• **WHAT TO WORK ON**: Would you print each of the entries below precisely as given?

* * *

(* Let $a\in\mathrm{Im}(\mathbb{H})$ and $b\in\mathbb{H}$ have norm one. Then the three algebras $\mathbb{H}\times\mathbb{H}_{(T_{a,\bar a}\circ\sigma_{\mathbb{H}},\,I_{\mathbb{H}})}$, $\mathbb{H}\times\mathbb{H}_{(I_{\mathbb{H}},\,-T_{b,b}\circ\sigma_{\mathbb{H}})}$ and ${}^*\mathbb{O}(i,1)$ are mutually isomorphic.
   Context: For $a,b\in\mathbb{H}$, $T_{a,b}(x)=axb$; $\sigma_{\mathbb{H}}(x)=\bar x$; $I_{\mathbb{H}}$ is the identity. $\mathbb{O}=\mathbb{H}\times\mathbb{H}$ with Cayley–Dickson product $(x,y)\bullet(u,v)=(xu-\bar v y,\ y\bar u+vx)$, conjugation $\overline{(x,y)}=(\bar x,-y)$, and $i=(i,0)$. For linear maps $f,g$ of $\mathbb{H}$, $\mathbb{H}\times\mathbb{H}_{(f,g)}$ is $\mathbb{H}\times\mathbb{H}$ with product $(x,y)\odot(u,v)=(f(x),g(y))\bullet(u,v)$. ${}^*\mathbb{O}(i,1)$ is $\mathbb{O}$ with product $x\odot y=(\bar x i)y$. *)

theory Defs
  imports "HOL-Analysis.Analysis"
begin

datatype quat = Quat (qr: real) (qi: real) (qj: real) (qk: real)

instantiation quat :: ab_group_add
begin
definition "0 = Quat 0 0 0 0"
definition "x + y = Quat (qr x + qr y) (qi x + qi y) (qj x + qj y) (qk x + qk y)"
definition "- x = Quat (- qr x) (- qi x) (- qj x) (- qk x)"
definition "x - y = Quat (qr x - qr y) (qi x - qi y) (qj x - qj y) (qk x - qk y)"
instance
  by standard (auto simp: zero_quat_def plus_quat_def uminus_quat_def minus_quat_def)
end

instantiation quat :: real_vector
begin
definition "scaleR r x = Quat (r * qr x) (r * qi x) (r * qj x) (r * qk x)"
instance
  by standard (auto simp: scaleR_quat_def plus_quat_def algebra_simps)
end

definition qmult :: "quat \<Rightarrow> quat \<Rightarrow> quat" (infixl "\<cdot>\<^sub>q" 70) where
  "x \<cdot>\<^sub>q y = Quat
     (qr x * qr y - qi x * qi y - qj x * qj y - qk x * qk y)
     (qr x * qi y + qi x * qr y + qj x * qk y - qk x * qj y)
     (qr x * qj y - qi x * qk y + qj x * qr y + qk x * qi y)
     (qr x * qk y + qi x * qj y - qj x * qi y + qk x * qr y)"

definition qcnj :: "quat \<Rightarrow> quat" where
  "qcnj x = Quat (qr x) (- qi x) (- qj x) (- qk x)"

definition qnorm :: "quat \<Rightarrow> real" where
  "qnorm x = sqrt ((qr x)\<^sup>2 + (qi x)\<^sup>2 + (qj x)\<^sup>2 + (qk x)\<^sup>2)"

definition qImag :: "quat set" where
  "qImag = {x. qr x = 0}"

* * *

• **OUTPUT BELOW**:
(* Let $a\in\mathrm{Im}(\mathbb{H})$ and $b\in\mathbb{H}$ have norm one. Then the three algebras $\mathbb{H}\times\mathbb{H}_{(T_{a,\bar a}\circ\sigma_{\mathbb{H}},\,I_{\mathbb{H}})}$, $\mathbb{H}\times\mathbb{H}_{(I_{\mathbb{H}},\,-T_{b,b}\circ\sigma_{\mathbb{H}})}$ and ${}^*\mathbb{O}(i,1)$ are mutually isomorphic.
   Context: For $a,b\in\mathbb{H}$, $T_{a,b}(x)=axb$; $\sigma_{\mathbb{H}}(x)=\bar x$; $I_{\mathbb{H}}$ is the identity. $\mathbb{O}=\mathbb{H}\times\mathbb{H}$ with Cayley–Dickson product $(x,y)\bullet(u,v)=(xu-\bar v y,\ y\bar u+vx)$, conjugation $\overline{(x,y)}=(\bar x,-y)$, and $i=(i,0)$. For linear maps $f,g$ of $\mathbb{H}$, $\mathbb{H}\times\mathbb{H}_{(f,g)}$ is $\mathbb{H}\times\mathbb{H}$ with product $(x,y)\odot(u,v)=(f(x),g(y))\bullet(u,v)$. ${}^*\mathbb{O}(i,1)$ is $\mathbb{O}$ with product $x\odot y=(\bar x i)y$. *)

theory Defs
  imports "HOL-Analysis.Analysis"
begin

datatype quat = Quat (qr: real) (qi: real) (qj: real) (qk: real)

instantiation quat :: ab_group_add
begin
definition "0 = Quat 0 0 0 0"
definition "x + y = Quat (qr x + qr y) (qi x + qi y) (qj x + qj y) (qk x + qk y)"
definition "- x = Quat (- qr x) (- qi x) (- qj x) (- qk x)"
definition "x - y = Quat (qr x - qr y) (qi x - qi y) (qj x - qj y) (qk x - qk y)"
instance
  by standard (auto simp: zero_quat_def plus_quat_def uminus_quat_def minus_quat_def)
end

instantiation quat :: real_vector
begin
definition "scaleR r x = Quat (r * qr x) (r * qi x) (r * qj x) (r * qk x)"
instance
  by standard (auto simp: scaleR_quat_def plus_quat_def algebra_simps)
end

definition qmult :: "quat \<Rightarrow> quat \<Rightarrow> quat" (infixl "\<cdot>\<^sub>q" 70) where
  "x \<cdot>\<^sub>q y = Quat
     (qr x * qr y - qi x * qi y - qj x * qj y - qk x * qk y)
     (qr x * qi y + qi x * qr y + qj x * qk y - qk x * qj y)
     (qr x * qj y - qi x * qk y + qj x * qr y + qk x * qi y)
     (qr x * qk y + qi x * qj y - qj x * qi y + qk x * qr y)"

definition qcnj :: "quat \<Rightarrow> quat" where
  "qcnj x = Quat (qr x) (- qi x) (- qj x) (- qk x)"

definition qnorm :: "quat \<Rightarrow> real" where
  "qnorm x = sqrt ((qr x)\<^sup>2 + (qi x)\<^sup>2 + (qj x)\<^sup>2 + (qk x)\<^sup>2)"

definition qImag :: "quat set" where
  "qImag = {x. qr x = 0}"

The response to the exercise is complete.